No reasonable American leader would reject half a loaf and choose to wage endless war in order to get the whole loaf. White House and State Department policymakers can’t bring themselves to understand that Palestinians, deep down, are any different. After all, aren’t we all human beings? Don’t we all have the same basic human needs and desires? Aren’t there common human values that we all share?
That’s why they keep pouring U.S. taxpayers’ money into the Palestinian Authority — at least $500 million annually, sometimes more, since 1994. They think that Palestinian leaders, like most Americans, care primarily about jobs, quality housing, and other material comforts. Give them enough prosperity, and they’ll be happy. It’s inconceivable to the White House and the State Department that Palestinian leaders would steal most of that money for themselves, and throw away a peace deal, in the hopeless and never-ending pursuit of destroying Israel.
Thus, the constant stream of “surprises:” the phony promises to recognize Israel; the treaties that are signed and then broken; the negotiations that proceed in fits and starts, with nothing ever accomplished and the Palestinians demanding endless concessions just to keep the talks going; the claims to oppose terrorism, and then the unity pact with the terrorists. It’s one “surprise” after the next.

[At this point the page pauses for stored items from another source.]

text \<open>Sites are G_N = {1..N}; a configuration is sigma :: nat => nat, only its values
on {1..N} matter. One step of the explorer draws a pair (X_n, Z_{n+1} - Z_n) with
X_n uniform on {1..N} and the increment uniform on {-1,1}, independently.\<close>

definition step_pmf :: "nat \<Rightarrow> (nat \<times> int) pmf" where
  "step_pmf N = pair_pmf (pmf_of_set {1..N}) (pmf_of_set {-1, 1})"

definition explorer_space :: "nat \<Rightarrow> (nat \<times> int) stream measure" where
  "explorer_space N = stream_space (measure_pmf (step_pmf N))"

definition conf_size :: "nat \<Rightarrow> (nat \<Rightarrow> nat) \<Rightarrow> nat" where
  "conf_size N \<sigma> = (\<Sum>i=1..N. \<sigma> i)"

definition conf_max :: "nat \<Rightarrow> (nat \<Rightarrow> nat) \<Rightarrow> nat" where
  "conf_max N \<sigma> = Max (\<sigma> ` {1..N})"

definition expl_X :: "(nat \<times> int) stream \<Rightarrow> nat \<Rightarrow> nat" where
  "expl_X s n = fst (s !! n)"

definition expl_Z :: "nat \<Rightarrow> (nat \<Rightarrow> nat) \<Rightarrow> (nat \<times> int) stream \<Rightarrow> nat \<Rightarrow> int" where
  "expl_Z N \<sigma> s n = int (conf_max N \<sigma>) + 1 + (\<Sum>k<n. snd (s !! k))"

definition hits_ground :: "nat \<Rightarrow> (nat \<Rightarrow> nat) \<Rightarrow> (nat \<times> int) stream \<Rightarrow> bool" where
  "hits_ground N \<sigma> s \<longleftrightarrow>
     (\<exists>n. expl_Z N \<sigma> s n \<le> int (\<sigma> (expl_X s n))
        \<and> (\<forall>k<n. expl_Z N \<sigma> s k > int (\<sigma> (expl_X s k)))
        \<and> expl_Z N \<sigma> s n = 0)"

Here’s the sad truth: The Palestinians’s leaders are not just like ours. Their basic values and goals are not the same as those of Americans or Israelis, who choose their leaders democratically.
Like the rest of the Arab world, they don’t really believe in democracy — which is why the Arab regimes are headed by kings, generals, presidents-for-life, or, in the case of the Palestinian Authority’s Mahmoud Abbas, leaders who are still in office eight years after their term expires.

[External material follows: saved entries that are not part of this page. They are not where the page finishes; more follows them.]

(* Let $k\ge 2$, $D=\{0,1,\dots,k\}$, let $f:D^n\to\mathbb{R}$ be a $k$-submodular function, let $P\subseteq D^n$ be the set of points minimising $f$, and let $P_{\mathrm{int}}=P\cap\{1,\dots,k\}^n$. Then $P_{\mathrm{int}}$ can be described as the set of solutions in $\{1,\dots,k\}^n$ of a conjunction of arbitrary unary constraints and constraints of the forms $(x=a\lor y=b)$ with $a,b\in\{1,\dots,k\}$ and $(x=\pi(y))$ with $\pi$ a permutation of $\{1,\dots,k\}$.
   Context: With $\sqcap,\sqcup$ on $\{0,\dots,k\}$ given by $0\sqcap x=0$, $0\sqcup x=x$, $x\sqcap x=x\sqcup x=x$ and $x\sqcap y=x\sqcup y=0$ for distinct nonzero $x,y$, a function $f$ on $D^n$ is $k$-submodular if $f(X)+f(Y)\ge f(X\sqcap Y)+f(X\sqcup Y)$ for all $X,Y\in D^n$, with operations applied coordinatewise. *)

theory Defs
  imports Complex_Main
begin

text \<open>Domain D = {0,...,k}; points of D^n are functions nat => nat that are
  bounded by k on the coordinates 0..n-1 and equal 0 elsewhere.\<close>

definition kmeet :: "nat \<Rightarrow> nat \<Rightarrow> nat" where
  "kmeet x y = (if x = y then x else 0)"

definition kjoin :: "nat \<Rightarrow> nat \<Rightarrow> nat" where
  "kjoin x y = (if x = 0 then y else if y = 0 then x else if x = y then x else 0)"

definition dom_pts :: "nat \<Rightarrow> nat \<Rightarrow> (nat \<Rightarrow> nat) set" where
  "dom_pts k n = {x. (\<forall>i<n. x i \<le> k) \<and> (\<forall>i\<ge>n. x i = 0)}"

definition int_pts :: "nat \<Rightarrow> nat \<Rightarrow> (nat \<Rightarrow> nat) set" where
  "int_pts k n = {x. (\<forall>i<n. 1 \<le> x i \<and> x i \<le> k) \<and> (\<forall>i\<ge>n. x i = 0)}"

definition k_submodular :: "nat \<Rightarrow> nat \<Rightarrow> ((nat \<Rightarrow> nat) \<Rightarrow> real) \<Rightarrow> bool" where
  "k_submodular k n f \<longleftrightarrow>
     (\<forall>X\<in>dom_pts k n. \<forall>Y\<in>dom_pts k n.
        f X + f Y \<ge> f (\<lambda>i. kmeet (X i) (Y i)) + f (\<lambda>i. kjoin (X i) (Y i)))"

definition minimisers :: "nat \<Rightarrow> nat \<Rightarrow> ((nat \<Rightarrow> nat) \<Rightarrow> real) \<Rightarrow> (nat \<Rightarrow> nat) set" where
  "minimisers k n f = {x \<in> dom_pts k n. \<forall>y\<in>dom_pts k n. f x \<le> f y}"

datatype constr =
    Unary nat "nat set"
  | Disj nat nat nat nat
  | PermC nat nat "nat \<Rightarrow> nat"

fun constr_wf :: "nat \<Rightarrow> nat \<Rightarrow> constr \<Rightarrow> bool" where
  "constr_wf k n (Unary i S) \<longleftrightarrow> i < n"
| "constr_wf k n (Disj i j a b) \<longleftrightarrow> i < n \<and> j < n \<and> a \<in> {1..k} \<and> b \<in> {1..k}"
| "constr_wf k n (PermC i j \<pi>) \<longleftrightarrow> i < n \<and> j < n \<and> bij_betw \<pi> {1..k} {1..k}"

fun constr_sat :: "constr \<Rightarrow> (nat \<Rightarrow> nat) \<Rightarrow> bool" where
  "constr_sat (Unary i S) x \<longleftrightarrow> x i \<in> S"
| "constr_sat (Disj i j a b) x \<longleftrightarrow> x i = a \<or> x j = b"
| "constr_sat (PermC i j \<pi>) x \<longleftrightarrow> x i = \<pi> (x j)"

end

theory Submission
  imports Defs
begin

text \<open>Minimisers of a k-submodular function are closed under \<open>\<sqinter>\<close> and \<open>\<squnion>\<close>, and on
  \<open>{1..k}\<^sup>n\<close> the composite \<open>(x \<sqinter> y) \<squnion> (z \<squnion> (x \<sqinter> y))\<close> is the dual discriminator, which takes
  \<open>x\<^sub>i\<close> where \<open>x\<^sub>i = y\<^sub>i\<close> and \<open>z\<^sub>i\<close> otherwise. A set of tuples closed under the dual
  discriminator contains every tuple all of whose two-coordinate restrictions it contains: among
  three tuples agreeing with x off one coordinate each, two agree with x at every coordinate.
  A binary relation closed under the dual discriminator whose projections contain a and b but
  which misses (a, b) has either a row or a column with two entries, which forces it into a
  relation \<open>c = a\<^sub>0 \<or> e = b\<^sub>0\<close> avoiding (a, b), or else it is the graph of a partial
  injection, which extends to a permutation. One such separating constraint for each of the
  finitely many interior non-minimisers describes the interior minimisers.\<close>

lemma inj_on_extends_to_permutation:
  assumes "finite U" "inj_on g B" "B \<subseteq> U" "g ` B \<subseteq> U"
  shows "\<exists>\<pi>. bij_betw \<pi> U U \<and> (\<forall>e\<in>B. \<pi> e = g e)"
proof -
  have "card (U - B) = card (U - g ` B)"
    using assms by (simp add: card_Diff_subset card_image finite_subset)
  then obtain h where h: "bij_betw h (U - B) (U - g ` B)"
    using finite_same_card_bij assms(1) by blast
  have "bij_betw (\<lambda>e. if e \<in> B then g e else h e) (B \<union> (U - B)) (g ` B \<union> (U - g ` B))"
    using assms(2) h by (intro bij_betw_disjoint_Un) (auto simp: bij_betw_def)
  moreover have "B \<union> (U - B) = U" "g ` B \<union> (U - g ` B) = U"
    using assms by auto
  ultimately show ?thesis by (intro exI[of _ "\<lambda>e. if e \<in> B then g e else h e"]) auto
qed

definition dual_discr :: "'a \<Rightarrow> 'a \<Rightarrow> 'a \<Rightarrow> 'a" where
  "dual_discr a b c = (if a = b then a else c)"

definition dual_discr_closed :: "('i \<Rightarrow> 'a) set \<Rightarrow> bool" where
  "dual_discr_closed R \<longleftrightarrow>
     (\<forall>x\<in>R. \<forall>y\<in>R. \<forall>z\<in>R. (\<lambda>i. dual_discr (x i) (y i) (z i)) \<in> R)"

definition rel_dual_discr_closed :: "('a \<times> 'b) set \<Rightarrow> bool" where
  "rel_dual_discr_closed Q \<longleftrightarrow>
     (\<forall>(c1, e1)\<in>Q. \<forall>(c2, e2)\<in>Q. \<forall>(c3, e3)\<in>Q.
        (dual_discr c1 c2 c3, dual_discr e1 e2 e3) \<in> Q)"

lemma rel_dual_discr_closedD:
  "rel_dual_discr_closed Q \<Longrightarrow> (c1, e1) \<in> Q \<Longrightarrow> (c2, e2) \<in> Q \<Longrightarrow> (c3, e3) \<in> Q \<Longrightarrow>
     (dual_discr c1 c2 c3, dual_discr e1 e2 e3) \<in> Q"
  unfolding rel_dual_discr_closed_def by fast

lemma rel_dual_discr_closed_converse:
  "rel_dual_discr_closed Q \<Longrightarrow> rel_dual_discr_closed (Q\<inverse>)"
  unfolding rel_dual_discr_closed_def by fast

lemma dual_discr_closed_projection:
  "dual_discr_closed R \<Longrightarrow> rel_dual_discr_closed ((\<lambda>r. (r i, r j)) ` R)"
  unfolding dual_discr_closed_def rel_dual_discr_closed_def by fastforce

lemma dual_discr_closed_pairwise_agreement:
  assumes closed: "dual_discr_closed R"
    and "finite S" "S \<noteq> {}"
    and "\<And>i j. i \<in> S \<Longrightarrow> j \<in> S \<Longrightarrow> \<exists>r\<in>R. r i = x i \<and> r j = x j"
  shows "\<exists>r\<in>R. \<forall>i\<in>S. r i = x i"
  using assms(2-4)
proof (induction "card S" arbitrary: S rule: less_induct)
  case less
  note pairs = less.prems(3)
  from \<open>S \<noteq> {}\<close> consider (small) i j where "i \<in> S" "j \<in> S" "S \<subseteq> {i, j}"
    | (large) s1 s2 s3 where "s1 \<in> S" "s2 \<in> S" "s3 \<in> S" "s1 \<noteq> s2" "s1 \<noteq> s3" "s2 \<noteq> s3"
    by blast
  then show ?case
  proof cases
    case small
    then show ?thesis using pairs[of i j] by (metis empty_iff insert_iff subsetD)
  next
    case large
    have "\<exists>r\<in>R. \<forall>i\<in>S - {s}. r i = x i" if "s \<in> S" "s' \<in> S" "s' \<noteq> s" for s s'
    proof (rule less.hyps)
      show "card (S - {s}) < card S"
        using that less.prems by (intro card_Diff1_less)
      show "S - {s} \<noteq> {}"
        using that by blast
    qed (use less.prems in auto)
    note agree = this
    obtain r1 where "r1 \<in> R" and r1: "\<forall>i\<in>S - {s1}. r1 i = x i"
      using agree large by blast
    obtain r2 where "r2 \<in> R" and r2: "\<forall>i\<in>S - {s2}. r2 i = x i"
      using agree large by blast
    obtain r3 where "r3 \<in> R" and r3: "\<forall>i\<in>S - {s3}. r3 i = x i"
      using agree large by blast
    have "(\<lambda>i. dual_discr (r1 i) (r2 i) (r3 i)) \<in> R"
      using closed \<open>r1 \<in> R\<close> \<open>r2 \<in> R\<close> \<open>r3 \<in> R\<close> by (simp add: dual_discr_closed_def)
    moreover have "\<forall>i\<in>S. dual_discr (r1 i) (r2 i) (r3 i) = x i"
      using r1 r2 r3 large by (auto simp: dual_discr_def)
    ultimately show ?thesis by (intro bexI[of _ "\<lambda>i. dual_discr (r1 i) (r2 i) (r3 i)"]) auto
  qed
qed

lemma rel_dual_discr_closed_full_row:
  assumes closed: "rel_dual_discr_closed Q"
    and "(c, e1) \<in> Q" "(c, e2) \<in> Q" "e1 \<noteq> e2" "e \<in> Range Q"
  shows "(c, e) \<in> Q"
proof -
  obtain c' where "(c', e) \<in> Q" using \<open>e \<in> Range Q\<close> by blast
  from rel_dual_discr_closedD[OF closed assms(2,3) this] show ?thesis
    using \<open>e1 \<noteq> e2\<close> by (simp add: dual_discr_def)
qed

lemma rel_dual_discr_closed_disjunction:
  assumes closed: "rel_dual_discr_closed Q"
    and "a \<in> Domain Q" "b \<in> Range Q" "(a, b) \<notin> Q"
    and row: "(c, e1) \<in> Q" "(c, e2) \<in> Q" "e1 \<noteq> e2"
  shows "\<exists>a0\<in>Domain Q. \<exists>b0\<in>Range Q. a0 \<noteq> a \<and> b0 \<noteq> b \<and> (\<forall>(c', e)\<in>Q. c' = a0 \<or> e = b0)"
proof -
  obtain b0 where ab0: "(a, b0) \<in> Q" using \<open>a \<in> Domain Q\<close> by blast
  have row_a: "e = b0" if "(a, e) \<in> Q" for e
    using rel_dual_discr_closed_full_row[OF closed ab0 that _ \<open>b \<in> Range Q\<close>] \<open>(a, b) \<notin> Q\<close>
    by blast
  have full: "(c, e) \<in> Q" if "e \<in> Range Q" for e
    using rel_dual_discr_closed_full_row[OF closed row that] .
  have "c' = c \<or> e = b0" if "(c', e) \<in> Q" for c' e
  proof (cases "c' = c")
    case False
    have "(c, e) \<in> Q" using full that by blast
    from rel_dual_discr_closedD[OF closed that this ab0]
    have "(dual_discr c' c a, dual_discr e e b0) \<in> Q" .
    then show ?thesis
      using False row_a by (simp add: dual_discr_def)
  qed simp
  moreover have "c \<noteq> a" "b0 \<noteq> b"
    using full[OF \<open>b \<in> Range Q\<close>] ab0 \<open>(a, b) \<notin> Q\<close> by auto
  moreover have "c \<in> Domain Q" "b0 \<in> Range Q" using row ab0 by auto
  ultimately show ?thesis by blast
qed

Like the rest of the Arab world, they don’t embrace the values of tolerance and pluralism. That’s why in the Palestinian Authority and its Arab neighbors, women are murdered for the sake of their families’ “honor,” political dissidents are tortured and religious minorities are persecuted.
Like the rest of the Arab world, the Palestinian Authority believes that terrorism against Israeli Jews is justified. That’s why the P.A.has not stamped out the terrorists in its midst, extradited terrorists to Israel (as required by the Oslo accords) or even outlawed terrorist groups. It can’t even bring itself to unequivocally condemn terrorist attacks, let alone cease teaching it in their schools.

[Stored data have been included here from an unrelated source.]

(* Let $k\ge 2$ be a fixed integer. For $n\ge 1$, let $Y_n$ be the random variable counting the indices $i$ with $1\le i\le n-k+1$ such that $p_i<p_{i+1}<\cdots<p_{i+k-1}$, where $p=p_1\cdots p_n$ is a permutation chosen uniformly at random among all permutations of length $n$. Then there exists a constant $c>0$ (depending only on $k$) such that for all $n\ge k$, \[\operatorname{Var}(Y_n)\ge c\,n.\]
   Context: Each permutation of length $n$ is selected with probability $1/n!$. *)

theory Defs
  imports "HOL-Probability.Probability"
begin

text \<open>A permutation of length n is a bijection p of {1..n} (identity outside),
  i.e. p permutes {1..n}; p_i is p i.\<close>

definition perms :: "nat \<Rightarrow> (nat \<Rightarrow> nat) set" where
  "perms n = {p. p permutes {1..n}}"

definition unif_perm :: "nat \<Rightarrow> (nat \<Rightarrow> nat) pmf" where
  "unif_perm n = pmf_of_set (perms n)"

definition Y :: "nat \<Rightarrow> nat \<Rightarrow> (nat \<Rightarrow> nat) \<Rightarrow> real" where
  "Y k n p = real (card {i. 1 \<le> i \<and> i + k - 1 \<le> n \<and>
                          (\<forall>j. i \<le> j \<and> j < i + k - 1 \<longrightarrow> p j < p (j + 1))})"

end

theory Submission
  imports Defs
begin

text \<open>Take \<open>R = \<lfloor>(n + k) / 2k\<rfloor> \<ge> n / 3k\<close> windows \<open>W\<^sub>t = [2tk, 2tk + k + 1]\<close> of \<open>k + 2\<close>
  consecutive positions, pairwise more than two positions apart, and let \<open>A\<^sub>t\<close> be the event
  that \<open>p\<close> ascends on \<open>W\<^sub>t\<close>; by sorting the values on \<open>W\<^sub>t\<close>, \<open>P(A\<^sub>t) \<ge> 1/(k+2)!\<close>.
  Swapping the values at positions \<open>2tk + 1\<close> and \<open>2tk + 2\<close> is a measure-preserving involution;
  let \<open>h\<^sub>t\<close> be the indicator of \<open>A\<^sub>t\<close> minus the indicator of \<open>A\<^sub>t\<close> after this swap. Each \<open>h\<^sub>t\<close>
  is odd under its own swap and invariant under the others, so the \<open>h\<^sub>t\<close> are centred and
  orthogonal with \<open>E h\<^sub>t\<^sup>2 = 2 P(A\<^sub>t)\<close>. On \<open>A\<^sub>t\<close> the swap destroys the rising run starting
  at \<open>2tk + 1\<close> and creates none, whence \<open>E (Y h\<^sub>t) \<ge> P(A\<^sub>t)/2\<close>. With \<open>Z = \<Sum>\<^sub>t h\<^sub>t\<close>,
  \<open>0 \<le> E (Y - E Y - Z/4)\<^sup>2\<close> gives \<open>Var Y \<ge> \<Sum>\<^sub>t P(A\<^sub>t) / 8 \<ge> R / (8 (k+2)!)\<close>.\<close>

definition ascending :: "nat \<Rightarrow> nat \<Rightarrow> (nat \<Rightarrow> nat) \<Rightarrow> bool" where
  "ascending l u p \<longleftrightarrow> (\<forall>j. l \<le> j \<longrightarrow> j < u \<longrightarrow> p j < p (Suc j))"

definition rising_windows :: "nat \<Rightarrow> nat \<Rightarrow> (nat \<Rightarrow> nat) \<Rightarrow> nat set" where
  "rising_windows k n p = {i. 1 \<le> i \<and> i + k - 1 \<le> n \<and> ascending i (i + k - 1) p}"

definition adj_swap :: "nat \<Rightarrow> (nat \<Rightarrow> nat) \<Rightarrow> nat \<Rightarrow> nat" where
  "adj_swap a p = (\<lambda>x. if x = a then p (Suc a) else if x = Suc a then p a else p x)"

lemma Y_eq_card_rising_windows: "Y k n p = real (card (rising_windows k n p))"
  unfolding Y_def rising_windows_def ascending_def by (simp add: imp_conjL)

lemma finite_rising_windows: "finite (rising_windows k n p)"
  by (rule finite_subset[of _ "{1..n+1}"]) (auto simp: rising_windows_def)

lemma adj_swap_adj_swap [simp]: "adj_swap a (adj_swap a p) = p"
  by (auto simp: adj_swap_def fun_eq_iff)

lemma adj_swap_commute:
  assumes "Suc a < b \<or> Suc b < a"
  shows "adj_swap a (adj_swap b p) = adj_swap b (adj_swap a p)"
  using assms by (auto simp: adj_swap_def fun_eq_iff)

lemma adj_swap_in_perms:
  assumes "p \<in> perms n" "1 \<le> a" "Suc a \<le> n"
  shows "adj_swap a p \<in> perms n"
proof -
  have "adj_swap a p = p \<circ> Transposition.transpose a (Suc a)"
    by (auto simp: adj_swap_def fun_eq_iff transpose_def)
  moreover have "Transposition.transpose a (Suc a) permutes {1..n}"
    using assms by (intro permutes_swap_id) auto
  ultimately show ?thesis
    using assms(1) unfolding perms_def by (auto intro: permutes_compose)
qed

lemma sum_perms_adj_swap:
  assumes "1 \<le> a" "Suc a \<le> n"
  shows "(\<Sum>p\<in>perms n. f (adj_swap a p)) = (\<Sum>p\<in>perms n. f p)"
  by (rule sum.reindex_bij_witness[of _ "adj_swap a" "adj_swap a"])
    (use assms adj_swap_in_perms in auto)

lemma ascending_cong:
  assumes "\<And>x. l \<le> x \<Longrightarrow> x \<le> u \<Longrightarrow> p x = q x"
  shows "ascending l u p \<longleftrightarrow> ascending l u q"
  unfolding ascending_def using assms by (metis Suc_leI less_imp_le_nat order.trans le_SucI)

lemma ascending_adj_swap_far:
  assumes "Suc b < l \<or> u < b"
  shows "ascending l u (adj_swap b p) \<longleftrightarrow> ascending l u p"
  by (rule ascending_cong) (use assms in \<open>auto simp: adj_swap_def\<close>)

lemma not_ascending_adj_swap:
  assumes "l \<le> a" "a < u" "ascending l u p"
  shows "\<not> ascending l u (adj_swap a p)"
  using assms unfolding ascending_def adj_swap_def
  by (metis (full_types) less_not_sym n_not_Suc_n)

text \<open>No rising window is created because the steps at \<open>a - 1\<close> and \<open>a + 1\<close> stay ascending.\<close>
lemma rising_windows_adj_swap:
  assumes k: "k \<ge> 2" and a: "1 \<le> a" "a + k - 1 \<le> n"
    and asc: "ascending (a - 1) (a + k) p"
  shows "rising_windows k n (adj_swap a p) \<subseteq> rising_windows k n p - {a}"
    and "a \<in> rising_windows k n p"
proof -
  have step: "p j < p (Suc j)" if "a - 1 \<le> j" "j < a + k" for j
    using asc that unfolding ascending_def by blast
  show "a \<in> rising_windows k n p"
    using a step unfolding rising_windows_def ascending_def by auto
  show "rising_windows k n (adj_swap a p) \<subseteq> rising_windows k n p - {a}"
  proof
    fix i assume i: "i \<in> rising_windows k n (adj_swap a p)"
    have swapped: "adj_swap a p j < adj_swap a p (Suc j)" if "i \<le> j" "j < i + k - 1" for j
      using i that unfolding rising_windows_def ascending_def by blast
    have not_a: "\<not> (i \<le> a \<and> a < i + k - 1)"
      using swapped[of a] step[of a] k a by (auto simp: adj_swap_def)
    have "p j < p (Suc j)" if "i \<le> j" "j < i + k - 1" for j
    proof (cases "j \<in> {a - 1, a, Suc a}")
      case True
      then show ?thesis using not_a that step[of j] a k by auto
    next
      case False
      then show ?thesis using swapped[OF that] a by (auto simp: adj_swap_def split: if_splits)
    qed
    moreover have "i \<noteq> a" using not_a k by auto
    ultimately show "i \<in> rising_windows k n p - {a}"
      using i unfolding rising_windows_def ascending_def by auto
  qed
qed

lemma Y_adj_swap_le:
  assumes "k \<ge> 2" "1 \<le> a" "a + k - 1 \<le> n" "ascending (a - 1) (a + k) p"
  shows "Y k n (adj_swap a p) + 1 \<le> Y k n p"
proof -
  note sub = rising_windows_adj_swap[OF assms]
  have "card (rising_windows k n (adj_swap a p)) \<le> card (rising_windows k n p - {a})"
    using sub(1) by (intro card_mono) (auto intro: finite_rising_windows)
  also have "\<dots> = card (rising_windows k n p) - 1"
    using sub(2) finite_rising_windows by simp
  finally have "card (rising_windows k n (adj_swap a p)) \<le> card (rising_windows k n p) - 1" .
  moreover have "card (rising_windows k n p) > 0"
    using sub(2) by (auto simp: card_gt_0_iff finite_rising_windows)
  ultimately have "card (rising_windows k n (adj_swap a p)) + 1 \<le> card (rising_windows k n p)"
    by linarith
  then show ?thesis by (simp add: Y_eq_card_rising_windows)
qed

lemma finite_perms: "finite (perms n)"
  unfolding perms_def by (rule finite_permutations) simp

lemma card_perms: "card (perms n) = fact n"
  unfolding perms_def by (rule card_permutations) auto

lemma perms_nonempty: "perms n \<noteq> {}"
  unfolding perms_def using permutes_id by blast

lemma exists_sorting_permutation:
  fixes p :: "nat \<Rightarrow> nat"
  assumes inj: "inj_on p {l..u}"
  shows "\<exists>\<rho>. \<rho> permutes {l..u} \<and> (\<forall>x\<in>{l..u}. \<forall>y\<in>{l..u}. p x < p y \<longrightarrow> \<rho> x < \<rho> y)"
proof -
  define I where "I = {l..u}"
  define rank where "rank x = l + card {y\<in>I. p y < p x}" for x
  define \<rho> where "\<rho> x = (if x \<in> I then rank x else x)" for x
  have mono: "\<rho> x < \<rho> y" if "x \<in> I" "y \<in> I" "p x < p y" for x y
  proof -
    have "{z\<in>I. p z < p x} \<subset> {z\<in>I. p z < p y}"
      using that by auto
    then have "card {z\<in>I. p z < p x} < card {z\<in>I. p z < p y}"
      by (intro psubset_card_mono) (simp add: I_def)
    then show ?thesis using that by (simp add: \<rho>_def rank_def)
  qed
  have "inj_on \<rho> I"
  proof (rule inj_onI)
    fix x y assume "x \<in> I" "y \<in> I" "\<rho> x = \<rho> y"
    then show "x = y"
      using mono inj unfolding I_def inj_on_def by (metis nat_neq_iff)
  qed
  moreover have "\<rho> ` I \<subseteq> I"
  proof
    fix z assume "z \<in> \<rho> ` I"
    then obtain x where x: "x \<in> I" "z = rank x" by (auto simp: \<rho>_def)
    have "card {y\<in>I. p y < p x} \<le> card (I - {x})"
      by (intro card_mono) (auto simp: I_def)
    also have "\<dots> = u - l" using x by (simp add: I_def)
    finally show "z \<in> I" using x by (auto simp: I_def rank_def)
  qed
  ultimately have "bij_betw \<rho> I I"
    using endo_inj_surj[of I \<rho>] by (simp add: bij_betw_def I_def)
  then have "\<rho> permutes I"
    unfolding permutes_altdef by (auto simp: \<rho>_def)
  then show ?thesis using mono unfolding I_def by blast
qed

And like the rest of the Arab world, the Palestinian leadership’s long-range concept of “peace” is one in which Israel does not exist.
Until our leaders recognize this simple reality, they will find themselves “surprised” again and again by the very unsurprising behavior of the Palestinian Arabs and their leadership.
Moshe Phillips is president of the Religious Zionists of America, Philadelphia Chapter; Benyamin Korn is the group’s chairman.